CONCLUSION: THE GOOD NEWS AND THE BAD NEWS ABOUT INCREASED ETHANOL EXPORTS While the emergence of strong export demand for U.S. ethanol has been a welcome development for the industry, it is somewhat bittersweet. On one hand, strong export demand is creating new market opportunities for U.S. ethanol producers and supporting prices; on the other hand, exports are increasing primarily because existing U.S. regulations prevent the use of more ethanol domestically. One of the basic tenets upon which the industry was founded some 30 years ago was the ability to reduce reliance on imported crude oil. Ethanol has lived up to that promise. The 12 billion gallons of renewable fuel required under the Renewable Fuels Standard in 2010 will displace the need for some 400 million barrels of crude oil that otherwise would have been needed to meet U.S. gasoline demand. The oil import reduction benefits of ethanol would be even greater if regulations allowed the use of blends greater than E10. As stated earlier, U.S. ethanol producers are on course to export approximately 330 million gallons of ethanol in 2010. This is an amount of ethanol that would displace an additional 11 million barrels of imported crude oil if it were allowed to be used in the United States.
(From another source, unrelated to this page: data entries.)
definition cset_measure :: "'s measure \<Rightarrow> 's set measure" where
  "cset_measure Sm = sigma (cset_space (space Sm))
     (\<Union>A\<in>sets Sm. {cnt A -` B \<inter> cset_space (space Sm) | B. B \<subseteq> (UNIV :: enat set)})"

definition cr_set :: "'w measure \<Rightarrow> 's measure \<Rightarrow> ('w \<Rightarrow> 's set) \<Rightarrow> bool" where
  "cr_set M Sm \<pi> \<longleftrightarrow> \<pi> \<in> measurable M (cset_measure Sm)"

definition cr_law :: "'w measure \<Rightarrow> 's measure \<Rightarrow> ('w \<Rightarrow> 's set) \<Rightarrow> 's set measure" where
  "cr_law M Sm \<pi> = distr M (cset_measure Sm) \<pi>"

definition sigma_finite_on :: "'w measure \<Rightarrow> 's set \<Rightarrow> 's set set \<Rightarrow> ('w \<Rightarrow> 's set) \<Rightarrow> bool" where
  "sigma_finite_on M S E \<tau> \<longleftrightarrow>
     (\<exists>A :: nat \<Rightarrow> 's set. range A \<subseteq> E \<and> S = (\<Union>n. A n) \<and>
        (\<forall>\<omega>\<in>space M. \<forall>n. finite (\<tau> \<omega> \<inter> A n)))"

end

theory Submission
  imports Defs
begin

text \<open>
  The cylinder sets {N_A1 = k1, ..., N_An = kn} with all Ai in E form an \<inter>-stable
  family, so by uniqueness of measures the two laws agree on the \<sigma>-algebra they
  generate, the cylinder \<sigma>-algebra. This \<sigma>-algebra is a priori smaller than the
  one of C(S), which makes N_A measurable for every A in \<sigma>(E). The gap is closed
  by \<sigma>-finiteness: choosing a common cover C j \<in> E on which both random sets are
  finite, both laws live on the set L of configurations that are finite on each
  C j. On L the count A \<mapsto> |A \<inter> X| is a measure, and a Dynkin argument over
  \<sigma>(E) shows that N_A restricted to L is cylinder-measurable for all A. Hence
  the two \<sigma>-algebras have the same trace on L, and the laws coincide.
\<close>

text \<open>Number of points of X in A, as an extended non-negative real. Unlike cnt it
  is countably additive in A, which is what the Dynkin argument below needs.\<close>

definition points_in :: "'s set \<Rightarrow> 's set \<Rightarrow> ennreal" where
  "points_in A X = emeasure (count_space UNIV) (A \<inter> X)"

lemma points_in_cnt: "points_in A X = ennreal_of_enat (cnt A X)"
  unfolding points_in_def cnt_def by (simp add: emeasure_count_space ennreal_of_enat_enat)

lemma points_in_UN:
  assumes "disjoint_family F"
  shows "points_in (\<Union>i. F i) X = (\<Sum>i. points_in (F i) X)"
proof -
  have "(\<Union>i. F i) \<inter> X = (\<Union>i. F i \<inter> X)" by auto
  moreover have "disjoint_family (\<lambda>i. F i \<inter> X)"
    using assms by (auto simp: disjoint_family_on_def)
  ultimately show ?thesis
    unfolding points_in_def by (simp add: suminf_emeasure)
qed

lemma points_in_Diff:
  assumes "finite (D \<inter> X)"
  shows "points_in (D - A) X = points_in D X - points_in (A \<inter> D) X"
proof -
  have split: "(D - A) \<inter> X = D \<inter> X - A \<inter> D \<inter> X" by auto
  have "finite (A \<inter> D \<inter> X)"
    using assms by (rule finite_subset[rotated]) auto
  then have "emeasure (count_space UNIV) (A \<inter> D \<inter> X) \<noteq> \<infinity>"
    by (simp add: emeasure_count_space)
  then have "emeasure (count_space UNIV) (D \<inter> X - A \<inter> D \<inter> X)
      = emeasure (count_space UNIV) (D \<inter> X) - emeasure (count_space UNIV) (A \<inter> D \<inter> X)"
    by (rule emeasure_Diff) auto
  with split show ?thesis
    unfolding points_in_def by simp
qed

lemma space_cset_measure: "space (cset_measure Sm) = cset_space (space Sm)"
  unfolding cset_measure_def by (rule space_measure_of) (auto simp: cset_space_def)

lemma sets_cset_measure:
  "sets (cset_measure Sm) = sigma_sets (cset_space (space Sm))
     (\<Union>A\<in>sets Sm. {cnt A -` B \<inter> cset_space (space Sm) | B. B \<subseteq> (UNIV :: enat set)})"
  unfolding cset_measure_def by (rule sets_measure_of) (auto simp: cset_space_def)

lemma cnt_level_set_measurable:
  assumes "A \<in> sets Sm"
  shows "{X \<in> space (cset_measure Sm). cnt A X = k} \<in> sets (cset_measure Sm)"
proof -
  have "{X \<in> space (cset_measure Sm). cnt A X = k} = cnt A -` {k} \<inter> cset_space (space Sm)"
    by (auto simp: space_cset_measure)
  also have "\<dots> \<in> sets (cset_measure Sm)"
    unfolding sets_cset_measure by (rule sigma_sets.Basic) (use assms in blast)
  finally show ?thesis .
qed

text \<open>The cylinders with A ranging over E generate the cylinder \<sigma>-algebra on C(S);
  the hypothesis of the theorem says that both laws agree on them.\<close>

definition cylinder :: "'s measure \<Rightarrow> ('s set \<times> enat) set \<Rightarrow> 's set set" where
  "cylinder Sm F = {X \<in> space (cset_measure Sm). \<forall>p\<in>F. cnt (fst p) X = snd p}"

definition cylinders :: "'s measure \<Rightarrow> 's set set \<Rightarrow> 's set set set" where
  "cylinders Sm E = {cylinder Sm F | F. finite F \<and> fst ` F \<subseteq> E}"
definition nwfs :: "('o, 'a) cat \<Rightarrow> ('o, 'a) ffact \<Rightarrow> ('a \<Rightarrow> 'a) \<Rightarrow> ('a \<Rightarrow> 'a) \<Rightarrow> bool" where
  "nwfs C F \<sigma> \<pi> \<longleftrightarrow>
     functorial_factorisation C F \<and>
     (\<forall>f\<in>Ar C.
        let E = fobj F; Em = fmap F; lm = flam F; rh = frho F; cmp = ccomp C;
            X = cdom C f; Y = ccod C f in
        \<sigma> f \<in> hom C (E f) (E (lm f)) \<and>
        \<pi> f \<in> hom C (E (rh f)) (E f) \<and>
        cmp (\<sigma> f) (lm f) = lm (lm f) \<and>
        cmp (rh f) (\<pi> f) = rh (rh f) \<and>
        cmp (rh (lm f)) (\<sigma> f) = cid C (E f) \<and>
        cmp (\<pi> f) (lm (rh f)) = cid C (E f) \<and>
        cmp (Em (lm f) f (cid C X) (rh f)) (\<sigma> f) = cid C (E f) \<and>
        cmp (\<pi> f) (Em f (rh f) (lm f) (cid C Y)) = cid C (E f) \<and>
        cmp (Em (lm f) (lm (lm f)) (cid C X) (\<sigma> f)) (\<sigma> f) = cmp (\<sigma> (lm f)) (\<sigma> f) \<and>
        cmp (\<pi> f) (Em (rh (rh f)) (rh f) (\<pi> f) (cid C Y)) = cmp (\<pi> f) (\<pi> (rh f)) \<and>
        cmp (\<sigma> f) (\<pi> f) =
          cmp (\<pi> (lm f)) (cmp (Em (lm (rh f)) (rh (lm f)) (\<sigma> f) (\<pi> f)) (\<sigma> (rh f)))) \<and>
     \<comment> \<open>naturality of \<sigma> : E \<Rightarrow> E L and \<pi> : E R \<Rightarrow> E, with L(h,k) = (h, E(h,k)), R(h,k) = (E(h,k), k)\<close>
     (\<forall>f g h k. is_sq C f g h k \<longrightarrow>
        ccomp C (\<sigma> g) (fmap F f g h k) =
          ccomp C (fmap F (flam F f) (flam F g) h (fmap F f g h k)) (\<sigma> f) \<and>
        ccomp C (\<pi> g) (fmap F (frho F f) (frho F g) (fmap F f g h k) k) =
          ccomp C (fmap F f g h k) (\<pi> f))"

text \<open>Families of arrows are taken extensional (undefined off the arrows of C), so that
  each structure has a unique representative.\<close>

definition nwfs_structs :: "('o, 'a) cat \<Rightarrow> ('o, 'a) ffact \<Rightarrow> (('a \<Rightarrow> 'a) \<times> ('a \<Rightarrow> 'a)) set" where
  "nwfs_structs C F = {(\<sigma>, \<pi>). \<sigma> \<in> extensional (Ar C) \<and> \<pi> \<in> extensional (Ar C) \<and> nwfs C F \<sigma> \<pi>}"

definition bialg_structs :: "('o, 'a) cat \<Rightarrow> ('o, 'a) ffact \<Rightarrow>
    (('a \<Rightarrow> 'a) \<times> ('a \<Rightarrow> 'a) \<times> ('a \<Rightarrow> 'a) \<times> ('a \<Rightarrow> 'a)) set" where
  "bialg_structs C A = {(\<eta>, \<mu>, \<epsilon>, \<Delta>).
     \<eta> \<in> extensional (Ar C) \<and> \<mu> \<in> extensional (Ar C) \<and>
     \<epsilon> \<in> extensional (Ar C) \<and> \<Delta> \<in> extensional (Ar C) \<and> bialgebra C A \<eta> \<mu> \<epsilon> \<Delta>}"

end

theory Submission
  imports Defs
begin

(*
  Since I is initial and \<bottom> is terminal in Ff_C, the unit and counit of a bialgebra
  structure on (E, \<lambda>, \<rho>) are forced to be \<lambda> and \<rho>.  With these fixed, a
  \<otimes>-monoid multiplication \<pi> : E R \<Rightarrow> E is exactly a monad structure on R, and a
  \<odot>-comonoid comultiplication \<sigma> : E \<Rightarrow> E L is exactly a comonad structure on L.
  Three of the four compatibility axioms then hold automatically.  The fourth, evaluated at f,
  collapses to the distributive law  \<sigma> f \<pi> f = \<pi> (\<lambda> f) E(\<sigma> f, \<pi> f) \<sigma> (\<rho> f):
  by functoriality of E the composites E(1, \<pi> f) E(1, \<lambda> (\<rho> f)) and
  E(\<rho> (\<lambda> f), 1) E(\<sigma> f, 1) inside the interchange map are identities, and naturality
  of \<sigma> moves the remaining factor past it.  Hence (\<sigma>, \<pi>) \<mapsto> (\<lambda>, \<pi>, \<rho>, \<sigma>) is the bijection.
*)

lemma hom_iff: "f \<in> hom C x y \<longleftrightarrow> f \<in> Ar C \<and> cdom C f = x \<and> ccod C f = y"
  unfolding hom_def by simp

lemma is_sq_iff:
  "is_sq C f g h k \<longleftrightarrow> f \<in> Ar C \<and> g \<in> Ar C \<and> h \<in> Ar C \<and> k \<in> Ar C \<and>
     cdom C h = cdom C f \<and> ccod C h = cdom C g \<and> cdom C k = ccod C f \<and> ccod C k = ccod C g \<and>
     ccomp C g h = ccomp C k f"
  unfolding is_sq_def hom_def by auto
lemma delta_pos_if_minimally_unsat:
  assumes F: "is_clause_set F" and mu: "minimally_unsat F"
  shows "delta F > 0"
proof (rule ccontr)
  assume "\<not> delta F > 0"
  have "finite F" using F by (simp add: is_clause_set_def)
  have "sat {}" by (simp add: sat_def)
  then have "F \<noteq> {}" using mu unfolding minimally_unsat_def by blast
  then obtain S where S: "S \<subset> F" "\<forall>T\<subseteq>F. delta T \<le> delta S"
    using max_delta_proper_subset_exists \<open>finite F\<close> \<open>\<not> delta F > 0\<close> by (metis linorder_not_less)
  have "finite S" using S(1) \<open>finite F\<close> by (auto intro: finite_subset)
  have "finite (F - S)" using \<open>finite F\<close> by simp
  moreover have "\<forall>C\<in>F - S. finite (cvar C - var S)"
    using F by (auto simp: is_clause_set_def is_clause_def cvar_def)
  moreover have "hall_condition (F - S) (\<lambda>C. cvar C - var S)"
    using S by (intro hall_condition_outside_max_delta[OF F]) auto
  ultimately have "\<exists>f. inj_on f (F - S) \<and> (\<forall>C\<in>F - S. f C \<in> cvar C - var S)"
    by (rule hall_marriage)
  then obtain f where f: "inj_on f (F - S)" "\<forall>C\<in>F - S. f C \<in> cvar C - var S" by blast
  then obtain \<psi> where \<psi>: "\<forall>C\<in>F - S. \<exists>x\<in>C. lvar x = f C \<and> lit_true \<psi> x"
    using assignment_from_distinct_vars[of f "F - S"] by blast
  have "\<forall>C\<in>F - S. \<exists>x\<in>C. lvar x \<notin> var S \<and> lit_true \<psi> x"
  proof
    fix C assume "C \<in> F - S"
    then obtain x where "x \<in> C" "lvar x = f C" "lit_true \<psi> x" using \<psi> by blast
    moreover have "f C \<notin> var S" using f(2) \<open>C \<in> F - S\<close> by blast
    ultimately show "\<exists>x\<in>C. lvar x \<notin> var S \<and> lit_true \<psi> x" by metis
  qed
  moreover have "sat S" using mu S(1) unfolding minimally_unsat_def by blast
  ultimately have "sat (S \<union> (F - S))" using sat_Un_if_sat_outside_vars \<open>finite S\<close> by blast
  moreover have "S \<union> (F - S) = F" using S(1) by blast
  ultimately show False using mu unfolding minimally_unsat_def by simp
qed

lemma is_clause_set_set_mset: "is_mclause_set F \<Longrightarrow> is_clause_set (set_mset F)"
  by (simp add: is_mclause_set_def is_clause_set_def)

lemma card_set_mset_le_size: "card (set_mset N) \<le> size N"
  using size_mset_mono[OF mset_set_set_mset_msubset[of N]] by simp

lemma msigma_le:
  assumes F: "is_mclause_set F" and V: "V \<noteq> {}" "V \<subseteq> mvar F"
  shows "msigma F \<le> int (size (filter_mset (\<lambda>C. cvar C \<inter> V \<noteq> {}) F)) - int (card V)"
proof -
  let ?s = "\<lambda>V. int (size (filter_mset (\<lambda>C. cvar C \<inter> V \<noteq> {}) F)) - int (card V)"
  have "finite (mvar F)" using finite_var is_clause_set_set_mset[OF F] by (simp add: mvar_eq_var)
  then have "mn F \<noteq> 0" using V by (auto simp: mn_def)
  have "{?s V | V. V \<noteq> {} \<and> V \<subseteq> mvar F} \<subseteq> ?s ` Pow (mvar F)" by blast
  then have "finite {?s V | V. V \<noteq> {} \<and> V \<subseteq> mvar F}"
    using \<open>finite (mvar F)\<close> finite_subset by blast
  then show ?thesis using V \<open>mn F \<noteq> 0\<close> unfolding msigma_def by (auto intro: Min_le)
qed

lemma msigma_less_mdelta_if_var_missing:
  assumes F: "is_mclause_set F" and M: "M \<subseteq> set_mset F" "minimally_unsat M"
    and missing: "var M \<subset> mvar F"
  shows "msigma F < mdelta F"
proof -
  define V where "V = mvar F - var M"
  define touches where "touches C \<longleftrightarrow> cvar C \<inter> V \<noteq> {}" for C
  have "is_clause_set M" using is_clause_set_subset[OF is_clause_set_set_mset[OF F] M(1)] .
  then have "finite M" "finite (var M)" using finite_var by (auto simp: is_clause_set_def)
  have "finite (mvar F)" using finite_var is_clause_set_set_mset[OF F] by (simp add: mvar_eq_var)
  have "msigma F \<le> int (size (filter_mset touches F)) - int (card V)"
    unfolding touches_def by (rule msigma_le[OF F]) (use missing in \<open>auto simp: V_def\<close>)
  moreover have "size F = size (filter_mset touches F) + size (filter_mset (\<lambda>C. \<not> touches C) F)"
    by (metis size_union multiset_partition)
  moreover have "card M \<le> size (filter_mset (\<lambda>C. \<not> touches C) F)"
  proof -
    have "M \<subseteq> set_mset (filter_mset (\<lambda>C. \<not> touches C) F)"
      using M(1) \<open>finite M\<close> by (auto simp: touches_def V_def var_eq_UN)
    then have "card M \<le> card (set_mset (filter_mset (\<lambda>C. \<not> touches C) F))"
      by (intro card_mono) auto
    also have "\<dots> \<le> size (filter_mset (\<lambda>C. \<not> touches C) F)"
      by (rule card_set_mset_le_size)
    finally show ?thesis .
  qed
  moreover have "card (mvar F) = card V + card (var M)"
  proof -
    have "mvar F = V \<union> var M" using missing by (auto simp: V_def)
    then show ?thesis using \<open>finite (mvar F)\<close> \<open>finite (var M)\<close>
      by (simp only:) (rule card_Un_disjoint, auto simp: V_def)
  qed
  moreover have "card (var M) < card M"
    using delta_pos_if_minimally_unsat[OF \<open>is_clause_set M\<close> M(2)] \<open>finite M\<close> by (simp add: delta_eq_card)
  ultimately show ?thesis by (simp add: mdelta_def mc_def mn_def)
qed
As long as domestic ethanol usage is restricted by the regulatory limitation on 10 percent blends, the U.S. ethanol industry will be forced to look to the global marketplace for new demand sources. And, as a result, Americans will miss out on the opportunity for greater fuel savings and a healthier, more secure domestic energy supply.